姉貴、リーダー! やっちまいましょうぜ!」


「そしてこのアタシ……美貌のナグサ! まずは、ボウヤからコッテンパンにしてあげるわ!」


 馬車を止めて、金銭を要求するのは盗賊と言うより蛮族の方じゃ……。


 そんな事を考えていると、自称世紀の盗賊の一派のナグサは、腰からナイフを抜いたかと思うと……。

 ──勢い良くこちらに投げつけて来た! 間一髪で避けれたけど、普通に致命傷になりそうだった。

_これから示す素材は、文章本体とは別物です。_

text \<open>
Forward direction: if \<open>Nil(R[x])\<close> is closed under subtraction, a nilpotent polynomial
can be stripped of its leading monomial, whose coefficient is nilpotent since the leading
coefficient of \<open>p\<^sup>n = 0\<close> is \<open>lead_coeff p\<^sup>n\<close>; conversely,
monomials with nilpotent coefficients are nilpotent.

Backward direction: \<open>Nil(R)[x] \<subseteq> Nil(R[x])\<close> already makes \<open>Nil(R)\<close>
a subring of \<open>R\<close>, and then coefficients of sums and products in \<open>Nil(R)[x]\<close>
stay nilpotent. Evaluating \<open>x - y\<close> at \<open>1\<close> gives closure under subtraction.
For products, let \<open>a + (y - a y) x\<close> be nilpotent in \<open>R[x] \<subseteq> R[[x]]\<close>:
from its quasi-inverse one builds a power series \<open>Z\<close> with \<open>Z = y x + Z y x\<close>,
so the coefficients of \<open>Z\<close> are the powers of \<open>y\<close>, yet \<open>Z\<close> is a
polynomial; hence \<open>y\<close> is nilpotent. For nilpotent \<open>a, b\<close>, the choice
\<open>y = b + a b + a\<^sup>2 b + \<dots>\<close> shows that \<open>a b + a\<^sup>2 b + \<dots>\<close>
is nilpotent, and a downward induction on \<open>k\<close> (with \<open>a\<^sup>k\<close> in place of
\<open>a\<close>) then shows that every \<open>a\<^sup>k b\<close> is nilpotent.
\<close>

section \<open>Positive powers\<close>

lemma mpow_eq_0_mono:
  fixes x :: "'b::semiring_0"
  assumes "mpow (*) x n = 0" "n \<le> k"
  shows "mpow (*) x k = 0"
  using assms(2)
proof (induction k)
  case (Suc k)
  then show ?case using assms(1) by (cases "n = Suc k") auto
qed (use assms in simp)

lemma mpow_Suc_add:
  fixes x :: "'b::semiring_0"
  shows "mpow (*) x (Suc (i + j)) = mpow (*) x i * mpow (*) x j"
  by (induction j) (auto simp: mult.assoc)

lemma mpow_mpow:
  fixes x :: "'b::semiring_0"
  shows "mpow (*) (mpow (*) x k) j = mpow (*) x (Suc k * Suc j - 1)"
proof (induction j)
  case (Suc j)
  have "mpow (*) (mpow (*) x k) (Suc j) = mpow (*) x (Suc k * Suc j - 1) * mpow (*) x k"
    using Suc by simp
  also have "\<dots> = mpow (*) x (Suc (Suc k * Suc j - 1 + k))"
    by (rule mpow_Suc_add[symmetric])
  also have "Suc (Suc k * Suc j - 1 + k) = Suc k * Suc (Suc j) - 1"
    by simp
  finally show ?case .
qed simp

lemma mpow_uminus:
  fixes y :: "'b::ring"
  shows "mpow (*) (- y) n = (if even n then - mpow (*) y n else mpow (*) y n)"
  by (induction n) auto

lemma zero_mem_Nil_of: "(0::'b::semiring_0) \<in> Nil_of (*)"
  unfolding Nil_of_def by (auto intro!: exI[of _ 0])

lemma uminus_mem_Nil_of: "(y::'b::ring) \<in> Nil_of (*) \<Longrightarrow> - y \<in> Nil_of (*)"
  unfolding Nil_of_def by (auto simp: mpow_uminus)

lemma sum_mpow_quasi_inverse:
  fixes f :: "'b::ring"
  assumes "mpow (*) f n = 0"
  shows "(\<Sum>i\<le>n. mpow (*) f i) * f = (\<Sum>i\<le>n. mpow (*) f i) - f"
proof -
  have "(\<Sum>i\<le>n. mpow (*) f i) * f = (\<Sum>i\<le>n. mpow (*) f (Suc i))"
    by (simp add: sum_distrib_right)
  also have "\<dots> = (\<Sum>i\<le>Suc n. mpow (*) f i) - f"
    by (subst sum.atMost_Suc_shift) simp
  also have "\<dots> = (\<Sum>i\<le>n. mpow (*) f i) - f"
    using assms by simp
  finally show ?thesis .
qed

section \<open>The Cauchy product\<close>

lemma coeff_pmult: "coeff (pmult p q) n = (\<Sum>i=0..n. coeff p i * coeff q (n - i))"
proof -
  have inner: "(\<Sum>j\<le>degree q. if i + j = n then coeff p i * coeff q j else 0)
      = (if i \<le> n then coeff p i * coeff q (n - i) else 0)" for i
  proof (cases "i \<le> n \<and> n - i \<le> degree q")
    case True
    have "(\<Sum>j\<le>degree q. if i + j = n then coeff p i * coeff q j else 0)
        = (\<Sum>j\<le>degree q. if j = n - i then coeff p i * coeff q j else 0)"
      by (rule sum.cong) (use True in auto)
    then show ?thesis using True by simp
  next
    case False
    then show ?thesis by (auto simp: coeff_eq_0 intro!: sum.neutral)
  qed
  have "coeff (pmult p q) n
      = (\<Sum>i\<le>degree p. \<Sum>j\<le>degree q. if i + j = n then coeff p i * coeff q j else 0)"
    by (simp add: pmult_def coeff_sum)
  also have "\<dots> = (\<Sum>i\<le>degree p. if i \<le> n then coeff p i * coeff q (n - i) else 0)"
    using inner by simp
  also have "\<dots> = (\<Sum>i\<in>{..degree p} \<inter> {..n}. coeff p i * coeff q (n - i))"
    by (simp add: sum.inter_restrict atMost_def)
  also have "\<dots> = (\<Sum>i=0..n. coeff p i * coeff q (n - i))"
    by (rule sum.mono_neutral_left) (auto, metis coeff_eq_0 mult_zero_left not_le)
  finally show ?thesis .
qed

lemma fps_of_poly_pmult: "fps_of_poly (pmult p q) = fps_of_poly p * fps_of_poly q"
  by (rule fps_ext) (simp add: fps_mult_nth coeff_pmult)

lemma fps_of_poly_mpow: "fps_of_poly (mpow pmult p n) = mpow (*) (fps_of_poly p) n"
  by (induction n) (auto simp: fps_of_poly_pmult)

lemma coeff_pmult_eq_0:
  assumes "degree p \<le> m" "degree q \<le> n" "m + n < k"
  shows "coeff (pmult p q) k = 0"
proof -
  have "coeff p i * coeff q (k - i) = 0" for i
  proof (cases "i \<le> m")
    case True
    then have "degree q < k - i"
      using assms by linarith
    then show ?thesis by (simp add: coeff_eq_0)
  next
    case False
    then show ?thesis using assms(1) by (simp add: coeff_eq_0)
  qed
  then show ?thesis
    by (simp add: coeff_pmult)
qed

lemma coeff_pmult_top:
  assumes "degree p \<le> m" "degree q \<le> n"
  shows "coeff (pmult p q) (m + n) = coeff p m * coeff q n"
proof -
  have "coeff p i * coeff q (m + n - i) = (if i = m then coeff p m * coeff q n else 0)" for i
    using assms by (cases i m rule: linorder_cases) (auto simp: coeff_eq_0)
  then show ?thesis
    by (simp add: coeff_pmult)
qed

lemma degree_pmult_le: "degree (pmult p q) \<le> degree p + degree q"
  by (rule degree_le) (auto intro: coeff_pmult_eq_0)

lemma degree_mpow_pmult_le: "degree (mpow pmult p n) \<le> Suc n * degree p"
proof (induction n)
  case (Suc n)
  then show ?case
    using degree_pmult_le[of "mpow pmult p n" p] by simp
qed simp

lemma coeff_mpow_pmult_top: "coeff (mpow pmult p n) (Suc n * degree p) = mpow (*) (lead_coeff p) n"
proof (induction n)
  case (Suc n)
  have "Suc (Suc n) * degree p = Suc n * degree p + degree p"
    by simp
  then have "coeff (mpow pmult p (Suc n)) (Suc (Suc n) * degree p)
      = coeff (pmult (mpow pmult p n) p) (Suc n * degree p + degree p)"
    by (simp only: mpow.simps)
  also have "\<dots> = mpow (*) (lead_coeff p) n * lead_coeff p"
    using Suc coeff_pmult_top[OF degree_mpow_pmult_le[of p n] order_refl[of "degree p"]] by simp
  finally show ?case
    by simp
qed simp

lemma pmult_monom: "pmult (monom a i) (monom b j) = monom (a * b) (i + j)"
proof (rule poly_eqI)
  fix k
  have deg: "degree (monom a i) \<le> i" "degree (monom b j) \<le> j"
    by (simp_all add: degree_monom_le)
  consider "k < i + j" | "k = i + j" | "i + j < k"
    by linarith
  then show "coeff (pmult (monom a i) (monom b j)) k = coeff (monom (a * b) (i + j)) k"
  proof cases
    case 1
    then show ?thesis by (auto simp: coeff_pmult intro!: sum.neutral)
  qed (use coeff_pmult_top[OF deg] coeff_pmult_eq_0[OF deg] in auto)
qed

lemma mpow_pmult_monom: "mpow pmult (monom c i) n = monom (mpow (*) c n) (Suc n * i)"
  by (induction n) (auto simp: pmult_monom add.commute)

「ちょっと! こっちは急いでるんですよ! どいてくださいって! 無益な喧嘩はしたくないんですよ……」


 そう言っても退いてはくれない。

 仕方がない、実力行使しか。

 剣を鞘から抜くと、目の前の彼女に対して構える。


「あ〜! あ〜! ちょっとボウヤ! 人様に刃物を向けちゃダメって親御さんから学ばなかったの〜?!」


「どの口が言ってるんですか! 先に向けたのはあなたでしょうが!」


「アタシは良いのよ! 親から学ばなかったから〜!」


 すんごい暴論……。

 そう言えば、この女の人以外の2人は……? 

 少し視線を外すと、アスターさんとアイビーさんが力とスピードか何かの2人と戦っているのが目に見えた。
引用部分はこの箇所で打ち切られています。